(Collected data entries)
┌────────

lemma sum_UNIV_power_eq_0:
  assumes "j < CARD('a::{field,finite}) - 1"
  shows "(\<Sum>x\<in>UNIV. (x::'a) ^ j) = 0"
proof (cases "j = 0")
  case True
  thus ?thesis by (simp add: of_nat_CARD_eq_0)
next
  case False
  \<comment> \<open>\<open>X ^ j - 1\<close> has at most \<open>j\<close> roots, so some unit \<open>a\<close> has \<open>a ^ j \<noteq> 1\<close>;
    the sum is invariant under \<open>x \<mapsto> a x\<close>.\<close>
  have "\<exists>a::'a. a \<noteq> 0 \<and> a ^ j \<noteq> 1"
  proof (rule ccontr)
    assume "\<not> ?thesis"
    hence sub: "UNIV - {0} \<subseteq> {x::'a. poly (monom 1 j - 1) x = 0}"
      by (auto simp: poly_monom)
    have nz: "monom (1::'a) j - 1 \<noteq> 0"
    proof
      assume "monom (1::'a) j - 1 = 0"
      hence "coeff (monom (1::'a) j - 1) j = 0" by simp
      thus False using False by (simp add: coeff_monom)
    qed
    have "degree (monom (1::'a) j - 1) \<le> j"
      by (rule degree_le) (auto simp: coeff_monom)
    hence "card {x::'a. poly (monom 1 j - 1) x = 0} \<le> j"
      using card_poly_roots_bound[OF nz] by linarith
    moreover have "card (UNIV - {0::'a}) \<le> card {x::'a. poly (monom 1 j - 1) x = 0}"
      by (rule card_mono[OF _ sub]) simp
    ultimately show False
      using assms by (simp add: card_Diff_singleton)
  qed
  then obtain a :: 'a where a: "a \<noteq> 0" "a ^ j \<noteq> 1" by blast
  have "(\<Sum>x\<in>UNIV. (a * x) ^ j) = (\<Sum>x\<in>UNIV. x ^ j)"
    by (rule sum.reindex_bij_witness[of _ "\<lambda>y. y / a" "\<lambda>y. a * y"]) (use a in auto)
  hence "a ^ j * (\<Sum>x\<in>UNIV. x ^ j) = 1 * (\<Sum>x\<in>UNIV. x ^ j)"
    by (simp add: power_mult_distrib sum_distrib_left)
  thus ?thesis using a(2) by (metis mult_cancel_right)
qed

lemma sum_UNIV_poly_eq_0:
  assumes "degree P < CARD('a::{field,finite}) - 1"
  shows "(\<Sum>x\<in>UNIV. poly P (x::'a)) = 0"
proof -
  have "(\<Sum>x\<in>UNIV. poly P (x::'a)) = (\<Sum>x\<in>UNIV. \<Sum>i\<le>degree P. coeff P i * x ^ i)"
    by (simp add: poly_altdef)
  also have "\<dots> = (\<Sum>i\<le>degree P. coeff P i * (\<Sum>x\<in>UNIV. x ^ i))"
    by (subst sum.swap) (simp add: sum_distrib_left)
  also have "\<dots> = 0"
    using assms by (intro sum.neutral) (auto simp: sum_UNIV_power_eq_0)
  finally show ?thesis .
qed

lemma repair_two_bandwidth_eq:
  assumes "a1 \<noteq> (a2::'a::finite)"
  shows "repair_two_bandwidth a1 a2 = 2 * (CARD('a) - 1)"
proof -
  have "card {a1, a2} \<le> CARD('a)" by (rule card_mono) auto
  thus ?thesis
    using assms by (simp add: repair_two_bandwidth_def card_Diff_subset)
qed

locale subfield_trace =
  fixes p m t q :: nat and field :: "'a::{field,finite} itself"
  assumes prime_p: "prime p" and m_ge_1: "m \<ge> 1" and t_ge_1: "t \<ge> 1"
    and card_field: "CARD('a) = p ^ (m * t)" and q_def: "q = p ^ m"
begin

abbreviation T :: "'a \<Rightarrow> 'a" where "T \<equiv> trace_FB q t"

abbreviation B :: "'a set" where "B \<equiv> subfield_GF p m"

lemma CHAR_eq: "CHAR('a) = p"
  using CHAR_eq_prime_of_card[OF prime_p card_field] m_ge_1 t_ge_1 by simp

lemma CARD_eq: "CARD('a) = q ^ t"
  using card_field q_def by (simp add: power_mult)

lemma q_ge_2: "q \<ge> 2"
proof -
  have "p ^ 1 \<le> p ^ m"
    using m_ge_1 prime_gt_0_nat[OF prime_p] by (intro power_increasing) auto
  thus ?thesis using q_def prime_ge_2_nat[OF prime_p] by simp
qed

lemma power_q_power_add: "((x::'a) + y) ^ (q ^ i) = x ^ (q ^ i) + y ^ (q ^ i)"
  using freshmans_dream'[of "q ^ i" "m * i" x y] prime_p
  by (simp add: CHAR_eq q_def power_mult)

lemma power_q_power_sum: "(sum f A :: 'a) ^ (q ^ i) = (\<Sum>j\<in>A. f j ^ (q ^ i))"
  using freshmans_dream_sum'[of "q ^ i" "m * i" f A] prime_p
  by (simp add: CHAR_eq q_def power_mult)

lemma subfield_GF_iff: "b \<in> B \<longleftrightarrow> b ^ q = b"
  by (simp add: subfield_GF_def q_def)

lemma power_q_power_subfield: "b \<in> B \<Longrightarrow> b ^ (q ^ i) = b"
  by (induction i) (simp_all add: subfield_GF_iff power_mult)

lemma trace_add: "T (x + y) = T x + T y"
  by (simp add: trace_FB_def power_q_power_add sum.distrib)

lemma trace_zero: "T 0 = 0"
  using q_ge_2 by (simp add: trace_FB_def power_0_left)

lemma trace_sum: "T (sum f A) = (\<Sum>j\<in>A. T (f j))"
  by (induction A rule: infinite_finite_induct) (simp_all add: trace_zero trace_add)

lemma trace_uminus: "T (- x) = - T x"
  using trace_add[of x "- x"] by (simp add: trace_zero eq_neg_iff_add_eq_0 add.commute)

lemma trace_diff: "T (x - y) = T x - T y"
  using trace_add[of x "- y"] by (simp add: trace_uminus)

lemma trace_mult_subfield: "b \<in> B \<Longrightarrow> T (b * x) = b * T x"
  by (simp add: trace_FB_def power_mult_distrib power_q_power_subfield sum_distrib_left)

lemma trace_one: "T 1 = of_nat t"
  by (simp add: trace_FB_def)

lemma trace_in_subfield: "T x \<in> B"
proof -
  have "x ^ (q ^ t) = x"
    using power_CARD_eq_self[of x] by (simp add: CARD_eq)
  have "(T x) ^ q = (\<Sum>i<t. (x ^ (q ^ i)) ^ q)"
    unfolding trace_FB_def using power_q_power_sum[of _ _ 1] by simp
  also have "\<dots> = (\<Sum>i<t. x ^ (q ^ Suc i))"
    by (simp only: power_mult[symmetric] power_Suc2)
  also have "\<dots> = T x"
  proof -
    have "(\<Sum>i<t. x ^ (q ^ Suc i)) + x ^ (q ^ 0) = (\<Sum>i<Suc t. x ^ (q ^ i))"
      by (simp only: sum.lessThan_Suc_shift add.commute)
    also have "\<dots> = T x + x ^ (q ^ t)"
      by (simp add: trace_FB_def)
    finally show ?thesis
      using \<open>x ^ (q ^ t) = x\<close> by simp
  qed
  finally show ?thesis by (simp add: subfield_GF_iff)
qed

lemma trace_mult_trace: "T (T y * x) = T y * T x"
  by (rule trace_mult_subfield[OF trace_in_subfield])

text \<open>\<open>T\<close> is evaluation of a nonzero polynomial of degree \<open>q ^ (t - 1) < |F|\<close>.\<close>
lemma trace_not_identically_zero: "\<exists>z. T z \<noteq> 0"
proof (rule ccontr)
  assume vanishes: "\<not> ?thesis"
  define P where "P = (\<Sum>i<t. monom (1::'a) (q ^ i))"
  have roots: "{x. poly P x = 0} = UNIV"
    using vanishes by (auto simp: P_def poly_sum poly_monom trace_FB_def)
  have "coeff P (q ^ (t - 1)) = (\<Sum>i\<in>{t - 1}. 1)"
    unfolding P_def coeff_sum coeff_monom
    by (rule sum.mono_neutral_cong_right) (use t_ge_1 q_ge_2 in \<open>auto simp: power_inject_exp\<close>)
  hence "P \<noteq> 0" by auto
  have "degree P \<le> q ^ (t - 1)"
  proof (rule degree_le, intro allI impI)
    fix j assume "q ^ (t - 1) < j"
    moreover have "q ^ i \<le> q ^ (t - 1)" if "i < t" for i
      using that q_ge_2 by (intro power_increasing) auto
    ultimately show "coeff P j = 0"
      by (auto simp: P_def coeff_sum intro!: sum.neutral) (meson leD)
  qed
  moreover have "q ^ (t - 1) < q ^ t"
    using q_ge_2 t_ge_1 by (intro power_strict_increasing) auto
  ultimately show False
    using card_poly_roots_bound[OF \<open>P \<noteq> 0\<close>] roots CARD_eq by simp
qed

lemma trace_form_eqD:
  assumes "\<And>b. T (b * y) = T (b * y')"
  shows "y = y'"
proof (rule ccontr)
  assume "y \<noteq> y'"
  obtain z where "T z \<noteq> 0" using trace_not_identically_zero by blast
  have "T ((z / (y - y')) * (y - y')) = 0"
    using assms[of "z / (y - y')"] by (simp add: right_diff_distrib trace_diff)
  thus False using \<open>y \<noteq> y'\<close> \<open>T z \<noteq> 0\<close> by simp
qed

end

text \<open>\<open>Tr(b (x - a))/(x - a) = (\<Sum>i<t. b ^ q ^ i * (x - a) ^ (q ^ i - 1))\<close> as a polynomial in \<open>x\<close>.\<close>
definition repair_poly :: "nat \<Rightarrow> nat \<Rightarrow> 'a::field \<Rightarrow> 'a \<Rightarrow> 'a poly" where
  "repair_poly q t a b = (\<Sum>i<t. smult (b ^ (q ^ i)) ([:- a, 1:] ^ (q ^ i - 1)))"

context subfield_trace
begin

lemma poly_repair_poly:
  assumes "x \<noteq> a"
  shows "poly (repair_poly q t a b) x = T (b * (x - a)) / (x - a)"
proof -
  have "q ^ i > 0" for i using q_ge_2 by simp
  hence "poly (repair_poly q t a b) x * (x - a) = (\<Sum>i<t. (b * (x - a)) ^ (q ^ i))"
    by (simp add: repair_poly_def poly_sum sum_distrib_right mult.assoc power_mult_distrib
        flip: power_Suc2)
  thus ?thesis
    using assms by (simp add: trace_FB_def eq_divide_eq)
qed

lemma poly_repair_poly_same: "poly (repair_poly q t a b) a = (b::'a)"
proof -
  obtain t' where t': "t = Suc t'" using t_ge_1 by (cases t) auto
  have zero_pow: "(0::'a) ^ (q ^ Suc i - 1) = 0" for i
  proof -
    have "q ^ 1 \<le> q ^ Suc i"
      using q_ge_2 by (intro power_increasing) auto
    hence "q ^ Suc i - 1 > 0" using q_ge_2 unfolding power_one_right by linarith
    thus ?thesis by simp
  qed
  have "poly (repair_poly q t a b) a = b + (\<Sum>i<t'. b ^ (q ^ Suc i) * 0 ^ (q ^ Suc i - 1))"
    by (simp add: repair_poly_def poly_sum t' sum.lessThan_Suc_shift del: sum.lessThan_Suc power_Suc)
  also have "\<dots> = b"
    by (simp only: zero_pow mult_zero_right sum.neutral_const add_0_right)
  finally show ?thesis .
qed

lemma degree_repair_poly: "degree (repair_poly q t a b) \<le> q ^ (t - 1) - 1"
  unfolding repair_poly_def
proof (rule degree_sum_le)
  fix i assume "i \<in> {..<t}"
  hence "q ^ i \<le> q ^ (t - 1)"
    using q_ge_2 by (intro power_increasing) auto
  thus "degree (smult (b ^ (q ^ i)) ([:- a, 1:] ^ (q ^ i - 1))) \<le> q ^ (t - 1) - 1"
    by (metis degree_smult_le degree_linear_power diff_le_mono order.trans)
qed simp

└────────

REQUIREMENT =
From the data above, reproduce word for word the lines running from the line with "by (simp only: sum.lessThan_Suc_shift" to the line with "(T y * x) = T y", ends included.

FINISHED EXERCISE =
      by (simp only: sum.lessThan_Suc_shift add.commute)
    also have "\<dots> = T x + x ^ (q ^ t)"
      by (simp add: trace_FB_def)
    finally show ?thesis
      using \<open>x ^ (q ^ t) = x\<close> by simp
  qed
  finally show ?thesis by (simp add: subfield_GF_iff)
qed

lemma trace_mult_trace: "T (T y * x) = T y * T x"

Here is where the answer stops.